Without collective solutions, AI risks deepening existing inequalities between well-funded investigative centers and smaller or exiled newsrooms.
GIJN’s Role: Reducing Inequalities of Access
In this context, the Global Investigative Journalism Network is uniquely positioned to act as a connector, curator, and capacity-builder.
Survey respondents explicitly called on GIJN to:
- Provide practical guides to AI-driven investigative tools.

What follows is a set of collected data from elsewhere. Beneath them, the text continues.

lemma Bdelta_has_derivative:
  assumes "\<delta> > 0"
  shows "(Bdelta \<delta> has_real_derivative dBdelta \<delta> t) (at t)"
  unfolding Bdelta_piecewise[OF assms] dBdelta_def
proof (intro DERIV_piecewise)
  show "((\<lambda>t. (1 / (8 * \<delta> ^ 3)) * ((1 - t + \<delta>) ^ 4 / 2 - (1 - t - \<delta>) * (1 - t + \<delta>) ^ 3))
      has_real_derivative - (1 - t + \<delta>)\<^sup>2 * (2 * \<delta> - (1 - t)) / (4 * \<delta> ^ 3)) (at t)" for t
    using assms by (auto intro!: derivative_eq_intros simp: field_simps power_numeral_reduce)
qed (use assms in \<open>auto intro!: derivative_eq_intros simp: field_simps power_numeral_reduce\<close>)

lemma dBdelta_has_derivative:
  assumes "\<delta> > 0"
  shows "(dBdelta \<delta> has_real_derivative d2Bdelta \<delta> t) (at t)"
  unfolding dBdelta_def d2Bdelta_def
proof (intro DERIV_piecewise)
  show "((\<lambda>t. - (1 - t + \<delta>)\<^sup>2 * (2 * \<delta> - (1 - t)) / (4 * \<delta> ^ 3))
      has_real_derivative 3 * (1 - t + \<delta>) * (\<delta> - (1 - t)) / (4 * \<delta> ^ 3)) (at t)" for t
    using assms by (auto intro!: derivative_eq_intros simp: field_simps power_numeral_reduce)
qed (use assms in \<open>auto intro!: derivative_eq_intros simp: field_simps power_numeral_reduce\<close>)

lemma deriv_Bdelta: "\<delta> > 0 \<Longrightarrow> deriv (Bdelta \<delta>) = dBdelta \<delta>"
  using Bdelta_has_derivative DERIV_imp_deriv by blast

lemma Bdelta_measurable [measurable]: "Bdelta \<delta> \<in> borel_measurable borel"
  unfolding Bdelta_def by measurable

lemma dBdelta_measurable [measurable]: "dBdelta \<delta> \<in> borel_measurable borel"
  unfolding dBdelta_def by measurable

lemma abs_dBdelta_le:
  assumes "\<delta> > 0"
  shows "\<bar>dBdelta \<delta> t\<bar> \<le> 1"
proof (cases "1 - \<delta> < t \<and> t \<le> 1 + \<delta>")
  case True
  define v where "v = 1 - t + \<delta>"
  have v: "0 \<le> v" "v \<le> 2 * \<delta>" using True by (auto simp: v_def)
  have "dBdelta \<delta> t = - (v\<^sup>2 * (3 * \<delta> - v)) / (4 * \<delta> ^ 3)"
    using True by (simp add: dBdelta_def v_def algebra_simps)
  moreover have "0 \<le> v\<^sup>2 * (3 * \<delta> - v)" using v assms by simp
  moreover have "v\<^sup>2 * (3 * \<delta> - v) \<le> 4 * \<delta> ^ 3"
  proof -
    have "4 * \<delta> ^ 3 - v\<^sup>2 * (3 * \<delta> - v) = (2 * \<delta> - v)\<^sup>2 * (v + \<delta>)"
      by (simp add: algebra_simps power2_eq_square power3_eq_cube)
    also have "\<dots> \<ge> 0" using v assms by simp
    finally show ?thesis by simp
  qed
  ultimately show ?thesis using assms by (simp add: divide_le_eq)
qed (auto simp: dBdelta_def)

lemma abs_d2Bdelta_le:
  assumes "\<delta> > 0"
  shows "\<bar>d2Bdelta \<delta> t\<bar> \<le> 3 / (4 * \<delta>)"
proof (cases "1 - \<delta> < t \<and> t \<le> 1 + \<delta>")
  case True
  define u where "u = 1 - t"
  have u: "- \<delta> \<le> u" "u \<le> \<delta>" using True by (auto simp: u_def)
  have "d2Bdelta \<delta> t = 3 * ((\<delta> + u) * (\<delta> - u)) / (4 * \<delta> ^ 3)"
    using True by (simp add: d2Bdelta_def u_def algebra_simps)
  moreover have "0 \<le> (\<delta> + u) * (\<delta> - u)" using u by simp
  moreover have "3 * ((\<delta> + u) * (\<delta> - u)) / (4 * \<delta> ^ 3) \<le> 3 * \<delta>\<^sup>2 / (4 * \<delta> ^ 3)"
    using assms by (intro divide_right_mono) (auto simp: algebra_simps power2_eq_square)
  moreover have "3 * \<delta>\<^sup>2 / (4 * \<delta> ^ 3) = 3 / (4 * \<delta>)"
    using assms by (simp add: power2_eq_square power3_eq_cube)
  ultimately show ?thesis using assms by simp
qed (use assms in \<open>auto simp: d2Bdelta_def\<close>)

lemma Bdelta_lipschitz:
  assumes "\<delta> > 0"
  shows "\<bar>Bdelta \<delta> x - Bdelta \<delta> y\<bar> \<le> \<bar>x - y\<bar>"
  using field_differentiable_bound[of UNIV "Bdelta \<delta>" "dBdelta \<delta>" 1 x y]
    Bdelta_has_derivative[OF assms] abs_dBdelta_le[OF assms] by simp

lemma dBdelta_lipschitz:
  assumes "\<delta> > 0"
  shows "\<bar>dBdelta \<delta> x - dBdelta \<delta> y\<bar> \<le> 3 / (4 * \<delta>) * \<bar>x - y\<bar>"
  using field_differentiable_bound[of UNIV "dBdelta \<delta>" "d2Bdelta \<delta>" "3 / (4 * \<delta>)" x y]
    dBdelta_has_derivative[OF assms] abs_d2Bdelta_le[OF assms] by simp

lemma Bdelta_le_linearization:
  assumes "\<delta> > 0"
  shows "Bdelta \<delta> (s + h) - Bdelta \<delta> s \<le> h * dBdelta \<delta> s + 3 / (4 * \<delta>) * h\<^sup>2"
proof -
  have "\<bar>dBdelta \<delta> x - dBdelta \<delta> s\<bar> \<le> 3 / (4 * \<delta>) * \<bar>h\<bar>" if "x \<in> closed_segment s (s + h)" for x
  proof -
    have "\<bar>x - s\<bar> \<le> \<bar>h\<bar>" using dist_in_closed_segment[OF that] by (simp add: dist_real_def)
    then show ?thesis
      using assms by (intro order_trans[OF dBdelta_lipschitz[OF assms] mult_left_mono]) auto
  qed
  then have "\<bar>Bdelta \<delta> (s + h) - Bdelta \<delta> s - h * dBdelta \<delta> s\<bar>
      \<le> \<bar>h\<bar> * (3 / (4 * \<delta>) * \<bar>h\<bar>)"
    using vector_differentiable_bound_linearization[of "closed_segment s (s + h)" "Bdelta \<delta>" "dBdelta \<delta>"
        s "s + h" s "3 / (4 * \<delta>) * \<bar>h\<bar>"]
      Bdelta_has_derivative[OF assms]
    by (simp add: has_real_derivative_iff_has_vector_derivative[symmetric] has_field_derivative_at_within)
  also have "\<bar>h\<bar> * (3 / (4 * \<delta>) * \<bar>h\<bar>) = 3 / (4 * \<delta>) * h\<^sup>2"
    by (simp add: power2_eq_square abs_mult_self_eq)
  finally show ?thesis using abs_le_D1 by linarith
qed

section \<open>The expected score vanishes at the risk minimiser\<close>

lemma (in prob_space) Bdelta_first_order_condition:
  assumes \<delta>: "\<delta> > 0"
    and [measurable]: "s \<in> borel_measurable M" "c \<in> borel_measurable M"
    and int_s: "integrable M s" and int_c2: "integrable M (\<lambda>x. (c x)\<^sup>2)"
    and min: "\<And>h. (\<integral>x. Bdelta \<delta> (s x) \<partial>M) \<le> (\<integral>x. Bdelta \<delta> (s x + h * c x) \<partial>M)"
  shows "(\<integral>x. dBdelta \<delta> (s x) * c x \<partial>M) = 0"
proof (rule eq_0_if_nonneg_linear_plus_quadratic)
  fix h
  have int_c: "integrable M c" by (rule square_integrable_imp_integrable) (use int_c2 in auto)
  have int_B: "integrable M (\<lambda>x. Bdelta \<delta> (s x + h * c x))" for h
  proof (rule Bochner_Integration.integrable_bound)
    show "integrable M (\<lambda>x. \<bar>Bdelta \<delta> 0\<bar> + \<bar>s x\<bar> + \<bar>h\<bar> * \<bar>c x\<bar>)"
      using int_s int_c by auto
    show "AE x in M. norm (Bdelta \<delta> (s x + h * c x))
        \<le> norm (\<bar>Bdelta \<delta> 0\<bar> + \<bar>s x\<bar> + \<bar>h\<bar> * \<bar>c x\<bar>)"
    proof (rule AE_I2)
      fix x
      have "\<bar>Bdelta \<delta> (s x + h * c x) - Bdelta \<delta> 0\<bar> \<le> \<bar>s x\<bar> + \<bar>h\<bar> * \<bar>c x\<bar>"
        using Bdelta_lipschitz[OF \<delta>, of "s x + h * c x" 0] abs_triangle_ineq[of "s x" "h * c x"]
        by (simp add: abs_mult)
      then show "norm (Bdelta \<delta> (s x + h * c x))
          \<le> norm (\<bar>Bdelta \<delta> 0\<bar> + \<bar>s x\<bar> + \<bar>h\<bar> * \<bar>c x\<bar>)"
        by simp
    qed
  qed measurable
  have int_dBc: "integrable M (\<lambda>x. dBdelta \<delta> (s x) * c x)"
    by (rule Bochner_Integration.integrable_bound[OF integrable_abs[OF int_c]])
       (use abs_dBdelta_le[OF \<delta>] in \<open>auto simp: abs_mult intro!: mult_left_le_one_le\<close>)
  define L where "L = 3 / (4 * \<delta>)"
  have "0 \<le> (\<integral>x. Bdelta \<delta> (s x + h * c x) \<partial>M) - (\<integral>x. Bdelta \<delta> (s x) \<partial>M)"
    using min[of h] by simp
  also have "\<dots> = (\<integral>x. Bdelta \<delta> (s x + h * c x) - Bdelta \<delta> (s x) \<partial>M)"
    using int_B[of h] int_B[of 0] by simp
  also have "\<dots> \<le> (\<integral>x. h * (dBdelta \<delta> (s x) * c x) + L * h\<^sup>2 * (c x)\<^sup>2 \<partial>M)"
  proof (rule integral_mono)
    show "Bdelta \<delta> (s x + h * c x) - Bdelta \<delta> (s x)
        \<le> h * (dBdelta \<delta> (s x) * c x) + L * h\<^sup>2 * (c x)\<^sup>2" for x
      using Bdelta_le_linearization[OF \<delta>, of "s x" "h * c x"]
      by (simp add: L_def algebra_simps power_mult_distrib)
  qed (use int_B[of h] int_B[of 0] int_dBc int_c2 in auto)
  also have "\<dots> = h * (\<integral>x. dBdelta \<delta> (s x) * c x \<partial>M) + (L * (\<integral>x. (c x)\<^sup>2 \<partial>M)) * h\<^sup>2"
    using int_dBc int_c2 by (simp add: algebra_simps)
  finally show "0 \<le> h * (\<integral>x. dBdelta \<delta> (s x) * c x \<partial>M) + (L * (\<integral>x. (c x)\<^sup>2 \<partial>M)) * h\<^sup>2" .
qed

lemma (in prob_space) Bdelta_score_mean_zero:
  fixes X :: "'a \<Rightarrow> real ^ 'p" and Y :: "'a \<Rightarrow> real"
  assumes \<delta>: "\<delta> > 0"
    and [measurable]: "X \<in> borel_measurable M" "Y \<in> borel_measurable M"
    and Y_le: "\<And>x. x \<in> space M \<Longrightarrow> \<bar>Y x\<bar> \<le> 1"
    and int_X2: "integrable M (\<lambda>x. (norm (X x))\<^sup>2)"
    and min: "\<And>\<beta>. (\<integral>x. Bdelta \<delta> (Y x * (X x \<bullet> \<beta>\<^sub>0)) \<partial>M)
                    \<le> (\<integral>x. Bdelta \<delta> (Y x * (X x \<bullet> \<beta>)) \<partial>M)"
  shows "(\<integral>x. dBdelta \<delta> (Y x * (X x \<bullet> \<beta>\<^sub>0)) * (Y x * X x $ j) \<partial>M) = 0"
proof (rule Bdelta_first_order_condition[OF \<delta>])
  have "integrable M (\<lambda>x. norm (X x))"
    by (rule square_integrable_imp_integrable) (use int_X2 in auto)
  then show "integrable M (\<lambda>x. Y x * (X x \<bullet> \<beta>\<^sub>0))"
  proof (rule Bochner_Integration.integrable_bound[OF integrable_mult_right[where c = "norm \<beta>\<^sub>0"]])
    show "AE x in M. norm (Y x * (X x \<bullet> \<beta>\<^sub>0)) \<le> norm (norm \<beta>\<^sub>0 * norm (X x))"
    proof (rule AE_I2)
      fix x assume "x \<in> space M"
      have "\<bar>Y x * (X x \<bullet> \<beta>\<^sub>0)\<bar> \<le> \<bar>X x \<bullet> \<beta>\<^sub>0\<bar>"
        using Y_le[OF \<open>x \<in> space M\<close>] by (simp add: abs_mult mult_left_le_one_le)
      then show "norm (Y x * (X x \<bullet> \<beta>\<^sub>0)) \<le> norm (norm \<beta>\<^sub>0 * norm (X x))"
        using Cauchy_Schwarz_ineq2[of "X x" \<beta>\<^sub>0] by (simp add: mult.commute)
    qed
  qed measurable
  show "integrable M (\<lambda>x. (Y x * X x $ j)\<^sup>2)"
  proof (rule Bochner_Integration.integrable_bound[OF int_X2])
    show "AE x in M. norm ((Y x * X x $ j)\<^sup>2) \<le> norm ((norm (X x))\<^sup>2)"
    proof (rule AE_I2)
      fix x assume "x \<in> space M"
      have "\<bar>Y x * X x $ j\<bar> \<le> norm (X x)"
        using Y_le[OF \<open>x \<in> space M\<close>] component_le_norm_cart[of "X x" j]
        by (metis abs_ge_zero abs_mult mult_left_le_one_le order_trans)
      from power_mono[OF this abs_ge_zero, of 2]
      show "norm ((Y x * X x $ j)\<^sup>2) \<le> norm ((norm (X x))\<^sup>2)" by simp
    qed
  qed measurable
  show "(\<integral>x. Bdelta \<delta> (Y x * (X x \<bullet> \<beta>\<^sub>0)) \<partial>M)
      \<le> (\<integral>x. Bdelta \<delta> (Y x * (X x \<bullet> \<beta>\<^sub>0) + h * (Y x * X x $ j)) \<partial>M)" for h
    using min[of "\<beta>\<^sub>0 + axis j h"] by (simp add: inner_add_right inner_axis algebra_simps)
qed measurable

- Develop step-by-step resources on building local or task-specific models.
- Curate trusted toolkits and low-code solutions accessible to non-technical reporters.
- Facilitate knowledge-sharing across regions and languages.
- Support ethical frameworks grounded in investigative practice.
Rather than promoting a single technological path, GIJN’s value lies in helping journalists make informed choices: when AI adds value, when it does not, and how to integrate it without compromising security, legality, or editorial standards.
Priorities identified:
- Practical guidance on using AI as an investigative tool.
- Clear frameworks for responsible and transparent use.
- Shared, open, and secure tools, scripts, and workflows.
- Support for local and independent models where possible.
- Training that makes AI accessible beyond technical specialists.
- Collective strategies to reduce dependency on Big Tech.
- GIJN as a hub for capacity-building, coordination, and equity.
Sandrine Rigaud is the program director of GIJN. She is an investigative journalist, director, and Emmy-winning producer who served as editor-in-chief of Forbidden Stories from 2019 to 2024. In that position, she led international collaborations to continue the work of assassinated or under threat reporters, coordinating investigations involving up to 100 journalists and 30 media outlets, including Le Monde, The Washington Post, The Guardian, Der Spiegel, Haaretz, and El País. She teaches investigative journalism at the School of Journalism of Sciences Po Paris and is co-author of “Pegasus: How a Spy in Your Pocket Threatens the End of Privacy, Dignity, and Democracy.” A Nieman Fellow at Harvard in 2024/2025, she worked on global investigative collaborations, leaked data management, and Artificial Intelligence.